(Excerpted data begins)

text \<open>If the shifted velocity stayed nonpositive, \<open>\<tau>'\<close> would be bounded, \<open>\<tau>\<close> would grow at
  most linearly, and then the shifted velocity, whose derivative is at least \<open>2 \<kappa> / \<tau>\<close>, would
  grow logarithmically.\<close>
lemma shifted_velocity_pos: "\<exists>t1 > 0. shifted_velocity t1 > 0"
proof (rule ccontr)
  assume "\<not> ?thesis"
  then have nonpos: "shifted_velocity t \<le> 0" if "t > 0" for t
    using that by (meson not_le)
  define c where "c = exp (- energy \<kappa> \<epsilon> \<alpha> \<beta> / (2 * \<kappa>))"
  define C where "C = \<nu> / c + 1"
  have "C > 0" using \<nu>_nonneg by (simp add: C_def c_def add_nonneg_pos)
  have "\<tau>' t \<le> C" if "t > 0" for t
  proof -
    have "\<nu> / \<tau> t \<le> \<nu> / c"
      using tau_lower_bound[of t] tau_pos[of t] that \<nu>_nonneg
      by (intro divide_left_mono) (auto simp: c_def)
    then show ?thesis using nonpos[OF that] by (simp add: shifted_velocity_def C_def)
  qed
  then have "\<tau> t \<le> \<alpha> + C * t" if "t \<ge> 0" for t
    using tau_le_linear that by blast
  from shifted_velocity_ge_log[OF \<open>C > 0\<close> this]
  have grows: "eventually (\<lambda>t. shifted_velocity 0 + 2 * \<kappa> / C * (ln (\<alpha> + C * t) - ln \<alpha>) \<le> shifted_velocity t) at_top"
    by (auto simp: eventually_at_top_linorder)
  have "filterlim (\<lambda>t. 2 * \<kappa> / C * (ln (\<alpha> + C * t) - ln \<alpha>)) at_top at_top"
    using \<open>C > 0\<close> \<kappa>_pos \<alpha>_pos by real_asymp
  then have "eventually (\<lambda>t. 1 - shifted_velocity 0 \<le> 2 * \<kappa> / C * (ln (\<alpha> + C * t) - ln \<alpha>)) at_top"
    by (simp add: filterlim_at_top)
  with grows have "eventually (\<lambda>t. shifted_velocity t > 0) at_top"
    by eventually_elim linarith
  moreover have "eventually (\<lambda>t::real. t > 0) at_top" by simp
  ultimately obtain t where "t > 0" "shifted_velocity t > 0"
    by (metis eventually_at_top_linorder linorder_not_less nle_le)
  with nonpos show False by force
qed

(Excerpted data ends)

> Assignment: Please copy the lines above from the line with "(\<lambda>t. shifted_velocity 0" up to and including the line with "using \<open>C >", exactly as written and with nothing else.

> Exercise result:
  have grows: "eventually (\<lambda>t. shifted_velocity 0 + 2 * \<kappa> / C * (ln (\<alpha> + C * t) - ln \<alpha>) \<le> shifted_velocity t) at_top"
    by (auto simp: eventually_at_top_linorder)
  have "filterlim (\<lambda>t. 2 * \<kappa> / C * (ln (\<alpha> + C * t) - ln \<alpha>)) at_top at_top"
    using \<open>C > 0\<close> \<kappa>_pos \<alpha>_pos by real_asymp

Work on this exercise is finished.